Saved data entries
————
(* Let $E$ be an $AL$-space and let $F$ be a reflexive Banach lattice. Then every order bounded sequentially $uaw$-compact operator $T\colon E\to F$ has a weakly compact modulus $|T|$.
   Context: A net $(x_\alpha)$ in a Banach lattice $G$ is $uaw$-convergent to $x$ if $|x_\alpha-x|\wedge u\to 0$ weakly for every $u\in G_+$. A bounded operator $T\colon X\to G$ from a Banach space into a Banach lattice is sequentially $uaw$-compact if for every bounded sequence $(x_n)$ in $X$, the sequence $(Tx_n)$ has a subsequence that is $uaw$-convergent in $G$. *)

theory Defs
  imports "HOL-Analysis.Analysis"
begin

definition labs :: "'a::{lattice, uminus} \<Rightarrow> 'a" where
  "labs x = sup x (- x)"

class banach_lattice = banach + ordered_real_vector + lattice +
  assumes lattice_norm: "sup x (- x) \<le> sup y (- y) \<Longrightarrow> norm x \<le> norm y"

definition AL_space :: "'a::banach_lattice itself \<Rightarrow> bool" where
  "AL_space _ \<longleftrightarrow> (\<forall>x y::'a. 0 \<le> x \<longrightarrow> 0 \<le> y \<longrightarrow> norm (x + y) = norm x + norm y)"

definition reflexive :: "'a::real_normed_vector itself \<Rightarrow> bool" where
  "reflexive _ \<longleftrightarrow> (\<forall>\<phi> :: ('a \<Rightarrow>\<^sub>L real) \<Rightarrow>\<^sub>L real. \<exists>x::'a. \<forall>f. blinfun_apply \<phi> f = blinfun_apply f x)"

definition weak_top :: "'a::real_normed_vector topology" where
  "weak_top = topology_generated_by {blinfun_apply f -` U | f U. open (U::real set)}"

definition weakly_convergent :: "(nat \<Rightarrow> 'a::real_normed_vector) \<Rightarrow> 'a \<Rightarrow> bool" where
  "weakly_convergent x l \<longleftrightarrow> (\<forall>f :: 'a \<Rightarrow>\<^sub>L real. (\<lambda>n. blinfun_apply f (x n)) \<longlonglongrightarrow> blinfun_apply f l)"

definition uaw_convergent :: "(nat \<Rightarrow> 'a::banach_lattice) \<Rightarrow> 'a \<Rightarrow> bool" where
  "uaw_convergent x l \<longleftrightarrow>
     (\<forall>u. 0 \<le> u \<longrightarrow> weakly_convergent (\<lambda>n. inf (labs (x n - l)) u) 0)"

definition seq_uaw_compact_op :: "('a::real_normed_vector \<Rightarrow>\<^sub>L 'b::banach_lattice) \<Rightarrow> bool" where
  "seq_uaw_compact_op T \<longleftrightarrow>
     (\<forall>x :: nat \<Rightarrow> 'a. bounded (range x) \<longrightarrow>
        (\<exists>r l. strict_mono r \<and> uaw_convergent (\<lambda>n. blinfun_apply T (x (r n))) l))"
lemma closing_pairsE:
  assumes "(P, w) \<in> closing_pairs"
  obtains x p q where "distinct [w, p, x, q]" "P = {{x, p}, {x, q}}"
    "pair_cycle w P = {{x, p}, {x, q}, {w, p}, {w, q}}" "{x, p, q} \<subseteq> U" "w \<in> W"
    "{x, p} \<in> edges C" "{x, q} \<in> edges C" "{w, p} \<in> edges B" "{w, q} \<in> edges B"
proof -
  have P: "P \<in> adj_edge_pairs C" and w: "w \<in> W" "\<forall>y \<in> \<Union>P - \<Inter>P. {w, y} \<in> edges G"
    using assms unfolding closing_pairs_def by auto
  obtain x p q where xpq: "distinct [x, p, q]" "P = {{x, p}, {x, q}}"
    "{x, p} \<in> edges C" "{x, q} \<in> edges C"
    using adj_edge_pairsE[OF P card_C_edge] by metis
  have "{w, p} \<in> edges G" "{w, q} \<in> edges G"
    using w(2) free_ends_adjacent_pair[OF xpq(1)] xpq(2) by auto
  then have B: "{w, p} \<in> edges B" "{w, q} \<in> edges B"
    using edge_in_B_iff w(1) by auto
  have U: "{x, p, q} \<subseteq> U"
    using C_edges_inside xpq(3,4) by auto
  then have "distinct [w, p, x, q]"
    using xpq(1) w(1) parts_disjoint by auto
  then show thesis
    using that[OF _ xpq(2) _ U w(1) xpq(3,4) B] pair_cycle_adjacent_pair[OF xpq(1)] xpq(2) by simp
qed

lemma pair_cycle_mixed: "(P, w) \<in> closing_pairs \<Longrightarrow> pair_cycle w P \<in> mixed_four_cycles"
proof (erule closing_pairsE)
  fix x p q
  assume "distinct [w, p, x, q]" and cycle: "pair_cycle w P = {{x, p}, {x, q}, {w, p}, {w, q}}"
    and C: "{x, p} \<in> edges C" "{x, q} \<in> edges C" and B: "{w, p} \<in> edges B" "{w, q} \<in> edges B"
  moreover have "{{x, p}, {x, q}, {w, p}, {w, q}} = {{w, p}, {p, x}, {x, q}, {q, w}}"
    by (simp add: insert_commute)
  ultimately have "is_four_cycle (pair_cycle w P)"
    unfolding is_four_cycle_def by metis
  moreover have "{x, p} \<notin> edges B" "{w, p} \<notin> edges C"
    using B C edges_disjoint by auto
  ultimately show "pair_cycle w P \<in> mixed_four_cycles"
    unfolding mixed_four_cycles_def using cycle B C edges_split by auto
qed

lemma pair_cycle_inter_C: "(P, w) \<in> closing_pairs \<Longrightarrow> pair_cycle w P \<inter> edges C = P"
proof (erule closing_pairsE)
  fix x p q
  assume "P = {{x, p}, {x, q}}" "pair_cycle w P = {{x, p}, {x, q}, {w, p}, {w, q}}"
    "{x, p} \<in> edges C" "{x, q} \<in> edges C" "{w, p} \<in> edges B" "{w, q} \<in> edges B"
  then show "pair_cycle w P \<inter> edges C = P"
    using edges_disjoint by auto
qed

lemma pair_cycle_inter_W: "(P, w) \<in> closing_pairs \<Longrightarrow> \<Union>(pair_cycle w P) \<inter> W = {w}"
proof (erule closing_pairsE)
  fix x p q
  assume "pair_cycle w P = {{x, p}, {x, q}, {w, p}, {w, q}}" "{x, p, q} \<subseteq> U" "w \<in> W"
  then show "\<Union>(pair_cycle w P) \<inter> W = {w}"
    using parts_disjoint by auto
qed

lemma inj_on_pair_cycle: "inj_on (\<lambda>(P, w). pair_cycle w P) closing_pairs"
proof (rule inj_onI, clarify)
  fix P w P' w'
  assume "(P, w) \<in> closing_pairs" "(P', w') \<in> closing_pairs" "pair_cycle w P = pair_cycle w' P'"
  then show "P = P' \<and> w = w'"
    using pair_cycle_inter_C pair_cycle_inter_W by (metis singleton_inject)
qed

lemma pair_cycle_at_W_corner:
  assumes abcd: "distinct [a, b, c, d]" and Q: "Q = {{a, b}, {b, c}, {c, d}, {d, a}}"
    and "Q \<subseteq> edges G" and "\<not> Q \<subseteq> edges B" and "a \<in> W"
  shows "Q \<in> (\<lambda>(P, w). pair_cycle w P) ` closing_pairs"
proof -
  have E: "{a, b} \<in> edges G" "{b, c} \<in> edges G" "{c, d} \<in> edges G" "{a, d} \<in> edges G"
    using Q \<open>Q \<subseteq> edges G\<close> by (auto simp: insert_commute)
  have "b \<notin> W" "d \<notin> W"
    using no_edge_inside_W E(1,4) \<open>a \<in> W\<close> by auto
  have "c \<notin> W"
  proof
    assume "c \<in> W"
    then have "Q \<subseteq> edges B"
      using Q E edge_in_B_iff \<open>a \<in> W\<close> by (auto simp: insert_commute)
    with \<open>\<not> Q \<subseteq> edges B\<close> show False ..
  qed
  have dist: "distinct [c, b, d]"
    using abcd by auto
  have C: "{c, b} \<in> edges C" "{c, d} \<in> edges C"
    using E(2,3) edge_in_B_iff edges_split \<open>b \<notin> W\<close> \<open>c \<notin> W\<close> \<open>d \<notin> W\<close>
    by (auto simp: insert_commute)
  have "{c, b} \<noteq> {c, d}" "{c, b} \<inter> {c, d} \<noteq> {}"
    using dist by (auto simp: doubleton_eq_iff)
  with C have "{{c, b}, {c, d}} \<in> adj_edge_pairs C"
    unfolding adj_edge_pairs_def by blast
  moreover have "a \<in> {w \<in> W. \<forall>y \<in> \<Union>{{c, b}, {c, d}} - \<Inter>{{c, b}, {c, d}}. {w, y} \<in> edges G}"
    unfolding free_ends_adjacent_pair[OF dist] using E(1,4) \<open>a \<in> W\<close> by simp
  ultimately have "({{c, b}, {c, d}}, a) \<in> closing_pairs"
    unfolding closing_pairs_def by (rule SigmaI)
  moreover have "Q = pair_cycle a {{c, b}, {c, d}}"
    unfolding pair_cycle_adjacent_pair[OF dist] Q by (simp add: insert_commute)
  ultimately show ?thesis
    by (auto intro: image_eqI)
qed

lemma mixed_four_cycles_eq_image: "mixed_four_cycles = (\<lambda>(P, w). pair_cycle w P) ` closing_pairs"
proof
  show "(\<lambda>(P, w). pair_cycle w P) ` closing_pairs \<subseteq> mixed_four_cycles"
    using pair_cycle_mixed by auto
  show "mixed_four_cycles \<subseteq> (\<lambda>(P, w). pair_cycle w P) ` closing_pairs"
  proof
    fix Q
    assume "Q \<in> mixed_four_cycles"
    then have Q: "Q \<subseteq> edges G" "\<not> Q \<subseteq> edges B" "\<not> Q \<subseteq> edges C" "is_four_cycle Q"
      unfolding mixed_four_cycles_def by auto
    then obtain a b c d where abcd: "distinct [a, b, c, d]" "Q = {{a, b}, {b, c}, {c, d}, {d, a}}"
      unfolding is_four_cycle_def by blast
    have "a \<in> W \<or> b \<in> W \<or> c \<in> W \<or> d \<in> W"
    proof (rule ccontr)
      assume "\<not> (a \<in> W \<or> b \<in> W \<or> c \<in> W \<or> d \<in> W)"
      then have "Q \<subseteq> edges C"
        using Q(1) abcd(2) edge_in_B_iff edges_split by auto
      with Q(3) show False ..
    qed
    moreover have "Q = {{b, c}, {c, d}, {d, a}, {a, b}}" "Q = {{c, d}, {d, a}, {a, b}, {b, c}}"
      "Q = {{d, a}, {a, b}, {b, c}, {c, d}}"
      using abcd(2) by (simp_all add: insert_commute)
    moreover have "distinct [b, c, d, a]" "distinct [c, d, a, b]" "distinct [d, a, b, c]"
      using abcd(1) by auto
    ultimately show "Q \<in> (\<lambda>(P, w). pair_cycle w P) ` closing_pairs"
      using pair_cycle_at_W_corner[OF _ _ Q(1,2)] abcd by metis
  qed
qed

lemma finite_closing_fibre:
  assumes "P \<in> adj_edge_pairs C"
  shows "finite {w \<in> W. \<forall>y \<in> \<Union>P - \<Inter>P. {w, y} \<in> edges G}"
proof -
  obtain x p q where "distinct [x, p, q]" "P = {{x, p}, {x, q}}"
    using adj_edge_pairsE[OF assms card_C_edge] by metis
  then have "p \<in> \<Union>P - \<Inter>P"
    by auto
  then have "{w \<in> W. \<forall>y \<in> \<Union>P - \<Inter>P. {w, y} \<in> edges G} \<subseteq> verts G"
    using edge_end_in_verts[OF simple] by blast
  moreover have "finite (verts G)"
    using simple unfolding simple_graph_def by simp
  ultimately show ?thesis
    by (rule finite_subset)
qed

lemma card_mixed_four_cycles: "card mixed_four_cycles = (\<Sum>P \<in> adj_edge_pairs C. n_W G W P)"
proof -
  have "finite (adj_edge_pairs C)"
    using finite_edges[OF simple] edges_split by (intro finite_adj_edge_pairs) simp
  then show ?thesis
    unfolding mixed_four_cycles_eq_image card_image[OF inj_on_pair_cycle]
    unfolding closing_pairs_def n_W_def
    using finite_closing_fibre by simp
qed

lemma card_four_cycles_Un:
  "card (four_cycles G)
    = card (four_cycles B) + card (four_cycles C) + (\<Sum>P \<in> adj_edge_pairs C. n_W G W P)"
  using card_subsets_Un_disjoint[OF _ edges_disjoint is_four_cycle_nonempty]
    finite_edges[OF simple] edges_split card_mixed_four_cycles
  unfolding four_cycles_eq mixed_four_cycles_def by simp

end
theorem mainTheorem12:
  fixes \<xi> :: "real^3 \<Rightarrow> real" and grad :: "real^3 \<Rightarrow> real^3"
    and \<Omega> :: "(real^3) set" and x :: "real^3"
  assumes deriv: "\<And>y. (\<xi> has_derivative (\<lambda>h. grad y \<bullet> h)) (at y)"
    and C1: "continuous_on UNIV grad"
    and nondeg: "\<And>y. \<xi> y = 0 \<Longrightarrow> grad y \<noteq> 0"
    and Omega_def: "\<Omega> = {y. \<xi> y < 0}"
    and conn: "connected \<Omega>"
    and bdd: "bounded \<Omega>"
    and x_in: "x \<in> closure \<Omega>"
  shows "{v. v \<noteq> 0 \<and> v \<bullet> normal grad (x_b \<Omega> x v) = 0} \<in> null_sets lebesgue"
proof -
  have cont: "continuous_on UNIV \<xi>"
    using deriv has_derivative_continuous continuous_at_imp_continuous_on by blast
  have "negligible {v. \<xi> x = 0 \<and> grad x \<bullet> v = 0}"
    using negligible_hyperplane[of "grad x" 0] nondeg by (cases "\<xi> x = 0") auto
  then have "negligible ({v. \<xi> x = 0 \<and> grad x \<bullet> v = 0} \<union> tangential_directions grad {y. \<xi> y = 0} x)"
    using negligible_tangential_directions_level_set[OF deriv C1 nondeg] by (rule negligible_Un)
  moreover have "{v. v \<noteq> 0 \<and> v \<bullet> normal grad (x_b \<Omega> x v) = 0}
      \<subseteq> {v. \<xi> x = 0 \<and> grad x \<bullet> v = 0} \<union> tangential_directions grad {y. \<xi> y = 0} x"
    using grazing_exit_direction[where grad = grad, OF cont nondeg Omega_def bdd x_in] by blast
  ultimately show ?thesis
    unfolding negligible_iff_null_sets[symmetric] by (rule negligible_subset)
qed

end
lemma card_separated_near_phase_level_axis:
  fixes P :: "(real^3) set"
  assumes "\<alpha> > 0" "s \<in> {1, -1}" "C \<ge> 0" "R \<ge> 0" "finite P"
    and separated: "\<And>p q. p \<in> P \<Longrightarrow> q \<in> P \<Longrightarrow> p \<noteq> q \<Longrightarrow> 1 \<le> dist p q"
    and near: "\<And>p. p \<in> P \<Longrightarrow> norm p \<le> R \<and> \<bar>phase \<alpha> s (p$1) ((norm p)\<^sup>2) - m\<bar> \<le> C"
  shows "real (card P) \<le> 24 * (C + 1) * (2 + R + \<alpha>) * (R + 1)\<^sup>2 / \<alpha>"
proof -
  define T where "T = {x :: real \<times> (real \<times> real). (fst x)\<^sup>2 + (norm (snd x))\<^sup>2 \<le> (R + 1)\<^sup>2 \<and>
    \<bar>phase \<alpha> s (fst x) ((fst x)\<^sup>2 + (norm (snd x))\<^sup>2) - m\<bar> \<le> C + 1}"
  have "closed T"
    unfolding T_def phase_def by (intro closed_Collect_conj closed_Collect_le continuous_intros)
  hence X: "vec3_split -` T \<in> sets lborel"
    using measurable_sets[OF vec3_split_measurable, of T] by simp
  have "(\<Union>p\<in>P. ball p (1/2)) \<subseteq> vec3_split -` T"
  proof clarify
    fix p y assume "p \<in> P" "y \<in> ball p (1/2)"
    hence py: "norm (y - p) < 1/2" by (simp add: dist_norm norm_minus_commute)
    have "norm y \<le> R + 1"
      using norm_triangle_ineq2[of y p] py near[OF \<open>p \<in> P\<close>] by linarith
    moreover have "\<bar>phase \<alpha> s (y$1) ((norm y)\<^sup>2) - phase \<alpha> s (p$1) ((norm p)\<^sup>2)\<bar> \<le> 1"
      using sqrt_one_plus_norm_sq_lipschitz[of "\<alpha> *\<^sub>R axis 1 1 + y" "\<alpha> *\<^sub>R axis 1 1 + p"]
        sqrt_one_plus_norm_sq_lipschitz[of y p] py assms(2)
      unfolding phase_vec3 by (auto simp: abs_le_iff)
    ultimately show "y \<in> vec3_split -` T"
      using near[OF \<open>p \<in> P\<close>] assms(4) norm_vec3_split[of y]
      by (auto simp: T_def vec3_split_def power_mono)
  qed
  hence "of_nat (card P) * emeasure lborel (ball (0 :: real^3) (1/2)) \<le> emeasure lborel (vec3_split -` T)"
    using assms(5) separated X by (intro card_mult_ball_measure_le) auto
  also have "\<dots> = emeasure lborel T"
    using \<open>closed T\<close> by (simp add: emeasure_vimage_vec3_split)
  also have "\<dots> \<le> ennreal (pi * (4 * (C + 1) * (1 + (R + 1) + \<alpha>) / \<alpha>) * (R + 1)\<^sup>2)"
    unfolding T_def using assms(1-4) by (intro emeasure_phase_region_le) auto
  finally have "real (card P) * (pi / 6) \<le> pi * (4 * (C + 1) * (2 + R + \<alpha>) / \<alpha>) * (R + 1)\<^sup>2"
    using assms(1,3,4) by (simp add: emeasure_ball unit_ball_vol_3 ennreal_of_nat_eq_real_of_nat
        power3_eq_cube add.assoc flip: ennreal_mult)
  also have "pi * (4 * (C + 1) * (2 + R + \<alpha>) / \<alpha>) * (R + 1)\<^sup>2
      = 24 * (C + 1) * (2 + R + \<alpha>) * (R + 1)\<^sup>2 / \<alpha> * (pi / 6)"
    using assms(1) by (simp add: field_simps)
  finally show ?thesis by (rule mult_right_le_imp_le) simp
qed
————
Go to the line with "T \<in> sets" in the entries above and repeat every line from there through the line with "using norm_triangle_ineq2[of y", exactly and with no other text.

  hence X: "vec3_split -` T \<in> sets lborel"
    using measurable_sets[OF vec3_split_measurable, of T] by simp
  have "(\<Union>p\<in>P. ball p (1/2)) \<subseteq> vec3_split -` T"
  proof clarify
    fix p y assume "p \<in> P" "y \<in> ball p (1/2)"
    hence py: "norm (y - p) < 1/2" by (simp add: dist_norm norm_minus_commute)
    have "norm y \<le> R + 1"
      using norm_triangle_ineq2[of y p] py near[OF \<open>p \<in> P\<close>] by linarith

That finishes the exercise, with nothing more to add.